# New!! Mosura Shrimpton, artificial planktonic shrimp food, $25, Bloor/Keele



## igor.kanshyn (Jan 14, 2010)

Shrimp-Tank got in stock new freshwater shrimp care product. Mosura Shrimpton is a new product in Mosura shrimp care product line.

Mosura Shrimpton is artificial planktonic shrimp food. 
Look at the details here: Mosura Shrimpton (20g) - *$25*



This is a premium shrimp care product for your beloved freshwater shrimps.
There are original Mosura products legal to distribute in Canada. Taxes are included in the price.

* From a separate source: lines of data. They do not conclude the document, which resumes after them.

lemma hausdorff1_sections_at_most_two:
  fixes E :: "'a::metric_space set"
  assumes "0 \<le> H" "hausdorff1 E \<le> ennreal H" "lo \<le> hi" "d > 0"
    and two: "\<And>t. t \<in> {lo<..<hi} \<Longrightarrow> \<exists>a b. {a, b} \<subseteq> E \<inter> sphere x0 t \<and> d < dist a b"
  obtains N where "N \<in> sets lborel" "emeasure lborel N \<le> ennreal (H - 2 * (hi - lo))"
    "\<And>t. t \<in> {lo<..<hi} - N \<Longrightarrow> finite (E \<inter> sphere x0 t) \<and> card (E \<inter> sphere x0 t) \<le> 2"
proof -
  define \<delta> where "\<delta> n = d * inverse (real (Suc n))" for n
  have \<delta>: "0 < \<delta> n" "\<delta> n \<le> d" for n
    unfolding \<delta>_def using assms(4) by (auto simp: field_simps)
  have \<delta>_lim: "\<delta> \<longlonglongrightarrow> 0"
    unfolding \<delta>_def using tendsto_mult_right_zero[OF LIMSEQ_inverse_real_of_nat] .
  have M_ex: "\<exists>M \<in> sets lborel. emeasure lborel M \<le> ennreal (H - 2 * (hi - lo) + \<delta> n) \<and>
    (\<forall>t \<in> {lo<..<hi}. \<forall>P. finite P \<and> P \<subseteq> E \<inter> sphere x0 t \<and> 3 \<le> card P \<and>
       pairwise (\<lambda>p q. \<delta> n < dist p q) P \<longrightarrow> t \<in> M)" for n
  (* \<delta> n serves both as the separation scale and as the slack in the measure bound. *)
  proof (rule emeasure_sections_three_separated_le[OF \<delta>(1)[of n] \<delta>(1)[of n] assms(1-3)])
    fix t assume "t \<in> {lo<..<hi}"
    then show "\<exists>a b. {a, b} \<subseteq> E \<inter> sphere x0 t \<and> \<delta> n < dist a b"
      using two \<delta>(2)[of n] by (meson le_less_trans)
  qed
  from choice[OF allI[OF M_ex[unfolded Bex_def]]] obtain M where M_spec:
    "\<forall>n. M n \<in> sets lborel \<and> emeasure lborel (M n) \<le> ennreal (H - 2 * (hi - lo) + \<delta> n) \<and>
      (\<forall>t \<in> {lo<..<hi}. \<forall>P. finite P \<and> P \<subseteq> E \<inter> sphere x0 t \<and> 3 \<le> card P \<and>
        pairwise (\<lambda>p q. \<delta> n < dist p q) P \<longrightarrow> t \<in> M n)" ..
  then have M: "\<And>n. M n \<in> sets lborel"
    "\<And>n. emeasure lborel (M n) \<le> ennreal (H - 2 * (hi - lo) + \<delta> n)"
    by simp_all
  from M_spec have in_M: "\<And>n t P. t \<in> {lo<..<hi} \<Longrightarrow> finite P \<Longrightarrow> P \<subseteq> E \<inter> sphere x0 t
      \<Longrightarrow> 3 \<le> card P \<Longrightarrow> pairwise (\<lambda>p q. \<delta> n < dist p q) P \<Longrightarrow> t \<in> M n"
    by blast
  show thesis
  proof
    show "(\<Union>m. \<Inter>n\<in>{m..}. M n) \<in> sets lborel"
      using M(1) by (intro sets.countable_UN sets.countable_INT') auto
    have "(\<lambda>n. ennreal (H - 2 * (hi - lo) + \<delta> n)) \<longlonglongrightarrow> ennreal (H - 2 * (hi - lo))"
      using tendsto_ennrealI[OF tendsto_add[OF tendsto_const \<delta>_lim]] by simp
    then show "emeasure lborel (\<Union>m. \<Inter>n\<in>{m..}. M n) \<le> ennreal (H - 2 * (hi - lo))"
      by (rule emeasure_liminf_le[OF M])
  next
    fix t assume t: "t \<in> {lo<..<hi} - (\<Union>m. \<Inter>n\<in>{m..}. M n)"
    show "finite (E \<inter> sphere x0 t) \<and> card (E \<inter> sphere x0 t) \<le> 2"
    proof (rule ccontr)
      assume "\<not> ?thesis"
      then have "infinite (E \<inter> sphere x0 t) \<or> 3 \<le> card (E \<inter> sphere x0 t)" by auto
      then obtain P where P: "P \<subseteq> E \<inter> sphere x0 t" "finite P" "card P = 3"
        using infinite_arbitrarily_large obtain_subset_with_card_n by meson
      obtain m where "\<And>n. m \<le> n \<Longrightarrow> pairwise (\<lambda>p q. \<delta> n < dist p q) P"
        using eventually_pairwise_dist_gt[OF P(2) \<delta>_lim] by (auto simp: eventually_sequentially)
      then have "t \<in> (\<Inter>n\<in>{m..}. M n)" using in_M t P by auto
      with t show False by blast
    qed
  qed
qed
theorem theorem2:
  assumes "(zero_divisors :: 'a::comm_ring_1 set) \<noteq> {0}"
    and "CARD('n::finite) > 1"
  defines "r \<equiv> orth_radius TYPE('a) TYPE('n)"
  shows "(2 \<le> r \<and> r \<le> 4)
    \<and> ((\<forall>a0\<in>(zero_divisors :: 'a set). \<exists>a1 a2. a1 \<noteq> 0 \<and> a2 \<noteq> 0 \<and>
            (let a = [a0, a1, a2] in \<forall>i<3. \<forall>j<3. i \<noteq> j \<longrightarrow> a ! i * a ! j = 0))
         \<longrightarrow> r \<in> {2, 3})
    \<and> (r = 2 \<longleftrightarrow> (\<exists>c::'a. c \<noteq> 0 \<and> (\<forall>a\<in>zero_divisors. Ann c \<inter> Ann a \<noteq> {0})))"
proof -
  have "2 \<le> r" "r \<le> 3"
    unfolding r_def using two_le_orth_radius orth_radius_le_3 assms(1,2) by blast+
  then have "r \<in> {2, 3}"
    by (cases r) (auto simp: numeral_eq_enat)
  moreover have "r \<le> 4"
    using \<open>r \<le> 3\<close> order_trans[of r 3 4] by (simp add: numeral_eq_enat)
  ultimately show ?thesis
    using \<open>2 \<le> r\<close> orth_radius_eq_2_iff[OF assms(2)] by (simp add: r_def)
qed

end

Pick up near Keele/Bloor intersection in Toronto.
*Shipping is available* all over Canada. I ship products fast, shipping costs are extra.
Ask me for an accurate shipping cost with your postal code. Some prodcuts can be repacked into an envelope, shipping will be $1.5 in that case.

Get 3 or more products or live shrimps from me, you will receive a discount.
Look for the other Mosura products shrimp-tank has.

You can contact me via [email protected] or by phone 647 701 3728
Look at my shrimps here: [U]http://www.Shrimp-Tank.c[/U]om

*Mosura Shrimpton* is a artificial *planktonic food* suitable shrimps of all stages including shrimp larvae. It composes of high level of micro-encapsulated, spirulina, chlorella and other ingridents. The high stability micro-encapsulated food contains *12 amino acid and high unit of Vitamin C and E*. Vitamins C prevent shrimp in shrimps and vitamin E can *increase cellular metabolism*, thus *improve survival rate*. Spirulina and chlorella contains high level of protein, minerals, cholorophyll, that promotes *increases vatality and promote metabolism*.
Mosura Shrimpton has Unknown Growth Factor on shrimps and shrimplets.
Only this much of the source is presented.